No Benefit From 20-MPH Speed Limits

Hampshire County Council have reported that there is no road safety benefit from signed-only 20-MPH speed limits. The county have installed such limits in 14 residential areas since 2012. But this is what Stuart Jarvis of the Council said: “In terms of accident and injury data, the impact of the pilot schemes upon road safety is projected to be neutral and there is no evidence of enhanced road safety benefits compared with that observed for the entire road network maintained by the county council”. The overall accident rates for the pilot schemes have actually risen, although this is not considered to be statistically significant. There have been marginal, or nil, reduction in traffic speeds in the scheme areas.

The residents in the scheme areas seemed happy though so it is not proposed to remove the existing 20-mph limits. But it is unlikely that any new such schemes will be installed.

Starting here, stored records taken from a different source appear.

(* For each integer $d \ge 4$, one has $\mathrm{rc}_\ell(\Delta_d) \ge \log_2 \log_2 d$, where $\Delta_d = \{0,e_1,\dots,e_d\} \subseteq \mathbb{Z}^d$.
   Context: For $X, Y \subseteq \mathbb{Z}^d$, $\mathrm{rc}(X,Y)$ is the smallest number of inequalities in a linear system $Ax \le b$ satisfied by all points of $X$ and such that each point of $Y\setminus X$ violates at least one inequality. With $B_t = [-t,t]^d\cap\mathbb{Z}^d$, $\mathrm{rc}_\ell(X) = \max_{t\in\mathbb{Z}_{>0}} \mathrm{rc}(X,B_t)$. $e_i$ denotes the $i$-th standard unit vector. *)

theory Defs
  imports "HOL-Analysis.Analysis" "HOL-Library.Extended_Real"
begin

definition sat_ineq :: "(real^'n) \<times> real \<Rightarrow> int^'n \<Rightarrow> bool" where
  "sat_ineq ab x \<longleftrightarrow> (\<Sum>i\<in>UNIV. fst ab $ i * of_int (x $ i)) \<le> snd ab"

definition is_rel_system :: "(int^'n) set \<Rightarrow> (int^'n) set \<Rightarrow> ((real^'n) \<times> real) set \<Rightarrow> bool" where
  "is_rel_system X Y S \<longleftrightarrow> finite S \<and> (\<forall>x\<in>X. \<forall>ab\<in>S. sat_ineq ab x)
     \<and> (\<forall>y\<in>Y - X. \<exists>ab\<in>S. \<not> sat_ineq ab y)"

text \<open>rc(X,Y): minimal number of inequalities (infinite if no such system exists).\<close>
definition rc :: "(int^'n) set \<Rightarrow> (int^'n) set \<Rightarrow> enat" where
  "rc X Y = (INF S \<in> {S. is_rel_system X Y S}. enat (card S))"

definition box :: "int \<Rightarrow> (int^'n) set" where
  "box t = {x. \<forall>i. \<bar>x $ i\<bar> \<le> t}"

definition rc_l :: "(int^'n) set \<Rightarrow> enat" where
  "rc_l X = (SUP t \<in> {t::int. t > 0}. rc X (box t))"

definition unit_simplex :: "(int^'n) set" where
  "unit_simplex = insert 0 {axis i 1 | i. True}"

end

theory Submission
  imports Defs
begin

(* A valid inequality a x <= b for Delta_d has b >= 0 and a_i <= b for all i, so it is also
   satisfied by the point e_i + e_j - e_k of [-1,1]^d \ Delta_d whenever a_i <= a_k or a_j <= a_k.
   Applying the Erdos-Szekeres theorem once per inequality of a system of size s, any
   2^2^s + 1 coordinates contain i < k < j on which every coefficient sequence is monotone;
   then a_k lies between a_i and a_j for each inequality and e_i + e_j - e_k is not cut off.
   Hence d <= 2^2^s. *)

definition up_chains :: "'a::linorder set \<Rightarrow> ('a \<Rightarrow> 'b::order) \<Rightarrow> 'a \<Rightarrow> 'a set set" where
  "up_chains T f p = {U. U \<subseteq> T \<inter> {..p} \<and> p \<in> U \<and> mono_on U f}"

definition longest_up_chain :: "'a::linorder set \<Rightarrow> ('a \<Rightarrow> 'b::order) \<Rightarrow> 'a \<Rightarrow> nat" where
  "longest_up_chain T f p = Max (card ` up_chains T f p)"

lemma finite_up_chains: "finite T \<Longrightarrow> finite (up_chains T f p)"
  by (rule finite_subset[of _ "Pow T"]) (auto simp: up_chains_def)

lemma singleton_in_up_chains: "p \<in> T \<Longrightarrow> {p} \<in> up_chains T f p"
  by (auto simp: up_chains_def monotone_on_def)

lemma insert_in_up_chains:
  assumes "U \<in> up_chains T f p" "q \<in> T" "p < q" "f p \<le> f q"
  shows "insert q U \<in> up_chains T f q"
proof -
  have below: "u < q \<and> f u \<le> f q" if "u \<in> U" for u
  proof -
    have "u \<le> p" "f u \<le> f p"
      using assms(1) that by (auto simp: up_chains_def monotone_on_def)
    then show ?thesis using assms(3,4) by (meson le_less_trans order_trans)
  qed
  then show ?thesis
    using assms(1,2) by (auto simp: up_chains_def monotone_on_def dest: below)
qed

lemma longest_up_chain_attained:
  assumes "finite T" "p \<in> T"
  obtains U where "U \<in> up_chains T f p" "card U = longest_up_chain T f p"
proof -
  have "longest_up_chain T f p \<in> card ` up_chains T f p"
    unfolding longest_up_chain_def
    using assms finite_up_chains singleton_in_up_chains by (intro Max_in) blast+
  then show ?thesis using that by force
qed

lemma longest_up_chain_ge: "finite T \<Longrightarrow> U \<in> up_chains T f p \<Longrightarrow> card U \<le> longest_up_chain T f p"
  unfolding longest_up_chain_def by (simp add: finite_up_chains)

lemma longest_up_chain_less:
  assumes "finite T" "p \<in> T" "q \<in> T" "p < q" "f p \<le> f q"
  shows "longest_up_chain T f p < longest_up_chain T f q"
proof -
  obtain U where U: "U \<in> up_chains T f p" "card U = longest_up_chain T f p"
    using longest_up_chain_attained[OF assms(1,2)] by blast
  have "finite U" "q \<notin> U"
    using U(1) assms by (auto simp: up_chains_def intro: finite_subset)
  then have "card U < card (insert q U)" by simp
  also have "\<dots> \<le> longest_up_chain T f q"
    by (rule longest_up_chain_ge[OF assms(1) insert_in_up_chains[OF U(1) assms(3-5)]])
  finally show ?thesis using U(2) by simp
qed

theorem Erdos_Szekeres:
  fixes T :: "'a::linorder set" and f :: "'a \<Rightarrow> 'b::linorder"
  assumes "finite T" "m * m < card T"
  shows "\<exists>T'\<subseteq>T. m < card T' \<and> (mono_on T' f \<or> antimono_on T' f)"
proof (rule ccontr)
  assume no_long: "\<not> ?thesis"
  let ?L = "longest_up_chain T f"
  have L_range: "?L p \<in> {1..m}" if p: "p \<in> T" for p
  proof -
    obtain U where U: "U \<in> up_chains T f p" "card U = ?L p"
      using longest_up_chain_attained[OF assms(1) p] by blast
    have "U \<subseteq> T" "mono_on U f" using U(1) by (auto simp: up_chains_def)
    then have "card U \<le> m" using no_long by (meson not_le)
    moreover have "1 \<le> ?L p"
      using longest_up_chain_ge[OF assms(1) singleton_in_up_chains[OF p]] by simp
    ultimately show ?thesis using U(2) by simp
  qed
  have level_small: "card {p\<in>T. ?L p = c} \<le> m" for c
  proof -
    have "f q \<le> f p" if "p \<in> T" "q \<in> T" "p \<le> q" "?L p = ?L q" for p q
    proof (rule ccontr)
      assume "\<not> f q \<le> f p"
      then have "p < q" "f p \<le> f q" using that(3) by (auto simp: order.order_iff_strict)
      then have "?L p < ?L q" by (rule longest_up_chain_less[OF assms(1) that(1,2)])
      then show False using that(4) by simp
    qed
    then have "antimono_on {p\<in>T. ?L p = c} f"
      by (auto simp: monotone_on_def)
    moreover have "{p\<in>T. ?L p = c} \<subseteq> T" by blast
    ultimately show ?thesis using no_long by (meson not_le)
  qed
  have "T = (\<Union>c\<in>{1..m}. {p\<in>T. ?L p = c})" using L_range by blast
  then have "card T \<le> (\<Sum>c\<in>{1..m}. card {p\<in>T. ?L p = c})"
    by (metis card_UN_le finite_atLeastAtMost)
  also have "\<dots> \<le> m * m" using sum_bounded_above[of "{1..m}", OF level_small] by simp
  finally show False using assms(2) by simp
qed

lemma Erdos_Szekeres_family:
  fixes F :: "('a::linorder \<Rightarrow> 'b::linorder) set"
  assumes "finite F" "finite T" "m ^ 2 ^ card F < card T"
  shows "\<exists>T'\<subseteq>T. m < card T' \<and> (\<forall>f\<in>F. mono_on T' f \<or> antimono_on T' f)"
  using assms
proof (induction F arbitrary: T rule: finite_induct)
  case empty
  then show ?case by auto
next
  case (insert f F)
  let ?M = "m ^ 2 ^ card F"
  have "?M * ?M < card T"
    using insert by (simp add: mult_2 power_add)
  then obtain T1 where T1: "T1 \<subseteq> T" "?M < card T1" "mono_on T1 f \<or> antimono_on T1 f"
    using Erdos_Szekeres[OF insert.prems(1)] by blast
  moreover obtain T2 where "T2 \<subseteq> T1" "m < card T2" "\<forall>g\<in>F. mono_on T2 g \<or> antimono_on T2 g"
    using insert.IH[OF finite_subset[OF T1(1) insert.prems(1)] T1(2)] by blast
  ultimately show ?case by (intro exI[of _ T2]) (auto intro: monotone_on_subset)
qed

lemma card_gt_2_obtain_ordered_triple:
  fixes A :: "'a::linorder set"
  assumes "finite A" "2 < card A"
  obtains i k j where "i \<in> A" "k \<in> A" "j \<in> A" "i < k" "k < j"
proof -
  have "A \<noteq> {}" using assms(2) by auto
  have "card {Min A, Max A} \<le> 2" by (simp add: card_insert_if)
  then have "\<not> A \<subseteq> {Min A, Max A}"
    using card_mono[of "{Min A, Max A}" A] assms(2) by auto
  then obtain k where k: "k \<in> A" "k \<noteq> Min A" "k \<noteq> Max A" by blast
  have "Min A < k" "k < Max A"
    using k Min_le[OF assms(1) k(1)] Max_ge[OF assms(1) k(1)] by auto
  then show ?thesis
    using that k(1) Min_in Max_in assms(1) \<open>A \<noteq> {}\<close> by blast
qed

lemma sum_mult_axis: "(\<Sum>p\<in>UNIV. a $ p * of_int (axis i (1::int) $ p)) = a $ i"
proof -
  have "(\<Sum>p\<in>UNIV. a $ p * of_int (axis i (1::int) $ p)) = (\<Sum>p\<in>UNIV. if p = i then a $ p else 0)"
    by (intro sum.cong) (auto simp: axis_def)
  then show ?thesis by simp
qed

lemma sat_ineq_zero: "sat_ineq (a, b) 0 \<longleftrightarrow> 0 \<le> b"
  by (simp add: sat_ineq_def)

lemma sat_ineq_axis: "sat_ineq (a, b) (axis i 1) \<longleftrightarrow> a $ i \<le> b"
  by (simp add: sat_ineq_def sum_mult_axis)

lemma sat_ineq_unit_simplex_iff:
  "(\<forall>x\<in>unit_simplex. sat_ineq (a, b) x) \<longleftrightarrow> 0 \<le> b \<and> (\<forall>i. a $ i \<le> b)"
  by (auto simp: unit_simplex_def sat_ineq_axis sat_ineq_zero)

lemma sat_ineq_axis_comb:
  "sat_ineq (a, b) (axis i 1 + axis j 1 - axis k 1) \<longleftrightarrow> a $ i + a $ j - a $ k \<le> b"
  by (simp add: sat_ineq_def sum.distrib sum_subtractf algebra_simps sum_mult_axis)

lemma axis_comb_in_box_diff_unit_simplex:
  assumes "i \<noteq> j" "i \<noteq> k" "j \<noteq> k"
  shows "axis i 1 + axis j 1 - axis k 1 \<in> box 1 - unit_simplex"
proof -
  let ?x = "axis i 1 + axis j 1 - axis k (1::int)"
  have "\<bar>?x $ p\<bar> \<le> 1" for p using assms by (simp add: axis_def)
  moreover have "0 \<le> y $ k" if "y \<in> unit_simplex" for y
    using that by (auto simp: unit_simplex_def axis_def)
  moreover have "?x $ k = -1" using assms by (simp add: axis_def)
  ultimately show ?thesis by (force simp: box_def)
qed

lemma rel_system_unit_simplex_card_le:
  assumes "is_rel_system (unit_simplex :: (int^'n::finite) set) (box 1) S"
  shows "CARD('n) \<le> 2 ^ 2 ^ card S"
proof (rule ccontr)
  assume too_many: "\<not> ?thesis"
  define F where "F = (\<lambda>(a, b) k. a $ (from_nat k :: 'n)) ` S"
  have "finite S" using assms by (simp add: is_rel_system_def)
  then have "finite F" "card F \<le> card S" by (simp_all add: F_def card_image_le)
  then have "(2::nat) ^ 2 ^ card F \<le> 2 ^ 2 ^ card S" by simp
  moreover have "card (range (to_nat :: 'n \<Rightarrow> nat)) = CARD('n)" by (simp add: card_image)
  ultimately have "2 ^ 2 ^ card F < card (range (to_nat :: 'n \<Rightarrow> nat))"
    using too_many by linarith
  moreover have fin: "finite (range (to_nat :: 'n \<Rightarrow> nat))" by simp
  ultimately obtain T where T: "T \<subseteq> range (to_nat :: 'n \<Rightarrow> nat)" "2 < card T"
      "\<forall>f\<in>F. mono_on T f \<or> antimono_on T f"
    using Erdos_Szekeres_family[OF \<open>finite F\<close> fin] by blast
  then obtain i k j where ikj: "i \<in> T" "k \<in> T" "j \<in> T" "i < k" "k < j"
    using card_gt_2_obtain_ordered_triple[OF finite_subset[OF T(1) fin] T(2)] by blast
  then obtain I K J :: 'n where IKJ: "i = to_nat I" "k = to_nat K" "j = to_nat J"
    using T(1) by blast
  let ?x = "axis I 1 + axis J 1 - axis K (1::int)"
  have "?x \<in> box 1 - unit_simplex"
    using ikj(4,5) IKJ by (intro axis_comb_in_box_diff_unit_simplex) auto
  then obtain ab where "ab \<in> S" "\<not> sat_ineq ab ?x"
    using assms unfolding is_rel_system_def by blast
  then obtain a b where ab: "(a, b) \<in> S" "\<not> sat_ineq (a, b) ?x"
    by (cases ab) blast
  have "\<forall>y\<in>unit_simplex. sat_ineq (a, b) y"
    using assms ab(1) unfolding is_rel_system_def by blast
  then have "0 \<le> b" "a $ I \<le> b" "a $ J \<le> b"
    unfolding sat_ineq_unit_simplex_iff by auto
  moreover have "(\<lambda>k. a $ from_nat k) \<in> F"
    unfolding F_def using ab(1) by (rule rev_image_eqI) simp
  then have "mono_on T (\<lambda>k. a $ from_nat k) \<or> antimono_on T (\<lambda>k. a $ from_nat k)"
    using T(3) by blast
  then have "a $ I \<le> a $ K \<or> a $ J \<le> a $ K"
  proof
    assume "mono_on T (\<lambda>k. a $ from_nat k)"
    from monotone_onD[OF this ikj(1,2)] show ?thesis using ikj(4) IKJ by simp
  next
    assume "antimono_on T (\<lambda>k. a $ from_nat k)"
    from monotone_onD[OF this ikj(2,3)] show ?thesis using ikj(5) IKJ by simp
  qed
  ultimately have "sat_ineq (a, b) ?x" unfolding sat_ineq_axis_comb by linarith
  then show False using ab(2) by blast
qed

lemma log2_log2_le:
  fixes d :: real
  assumes "1 < d" "d \<le> 2 ^ 2 ^ k"
  shows "log 2 (log 2 d) \<le> k"
proof -
  have "log 2 d \<le> 2 ^ k"
    using assms log_le_cancel_iff[of 2 d "2 ^ 2 ^ k"] by (simp add: log_pow_cancel)
  moreover have "0 < log 2 d" using assms(1) by simp
  ultimately show ?thesis
    using log_le_cancel_iff[of 2 "log 2 d" "2 ^ k"] by (simp add: log_pow_cancel)
qed

lemma enat_le_rc: "(\<And>S. is_rel_system X Y S \<Longrightarrow> n \<le> card S) \<Longrightarrow> enat n \<le> rc X Y"
  unfolding rc_def by (auto intro: INF_greatest)

lemma rc_box_le_rc_l: "0 < t \<Longrightarrow> rc X (box t) \<le> rc_l X"
  unfolding rc_l_def by (rule SUP_upper) simp

theorem theorem3p6:
  assumes "CARD('n::finite) \<ge> 4"
  shows "ereal (log 2 (log 2 (real CARD('n)))) \<le> ereal_of_enat (rc_l (unit_simplex :: (int^'n) set))"
proof -
  let ?d = "real CARD('n)"
  define N where "N = nat \<lceil>log 2 (log 2 ?d)\<rceil>"
  have "enat N \<le> rc (unit_simplex :: (int^'n) set) (box 1)"
  proof (rule enat_le_rc)
    fix S assume "is_rel_system (unit_simplex :: (int^'n) set) (box 1) S"
    then have "?d \<le> 2 ^ 2 ^ card S"
      using rel_system_unit_simplex_card_le of_nat_mono by fastforce
    then have "log 2 (log 2 ?d) \<le> card S" using assms by (intro log2_log2_le) auto
    then show "N \<le> card S" by (simp add: N_def nat_le_iff ceiling_le)
  qed
  also have "\<dots> \<le> rc_l (unit_simplex :: (int^'n) set)" by (rule rc_box_le_rc_l) simp
  finally have rc_l_ge: "enat N \<le> rc_l (unit_simplex :: (int^'n) set)" .
  have "ereal (log 2 (log 2 ?d)) \<le> ereal_of_enat (enat N)"
    unfolding N_def by simp linarith
  also have "\<dots> \<le> ereal_of_enat (rc_l (unit_simplex :: (int^'n) set))"
    using rc_l_ge by (simp only: ereal_of_enat_le_iff)
  finally show ?thesis .
qed

end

The full council report on the schemes is here:

http://democracy.hants.gov.uk/documents/s19310/Review%20of%20Residential%2020mph%20Pilot%20-%20Report.pdf

Comment: We have consistently argued that such schemes cannot be justified on any sensible cost/benefit basis and that the large amounts of money spent on them would be much better spent on other road safety programmes. Not surprisingly perhaps, the latest Hampshire report does not mention the costs and links on the council’s web site to previous reports and decisions that might have mentioned the costs seem to no longer work. I wonder why that is?

It is regrettable that Transport for London (TfL), and local borough councils such as Croydon, have consistently ignored the mounting evidence that wide-area signed-only 20-mph schemes are a waste of money. TfL continue to finance them with taxpayers’ cash, and local borough councils in London are still implementing them. Why do they continue to ignore the evidence?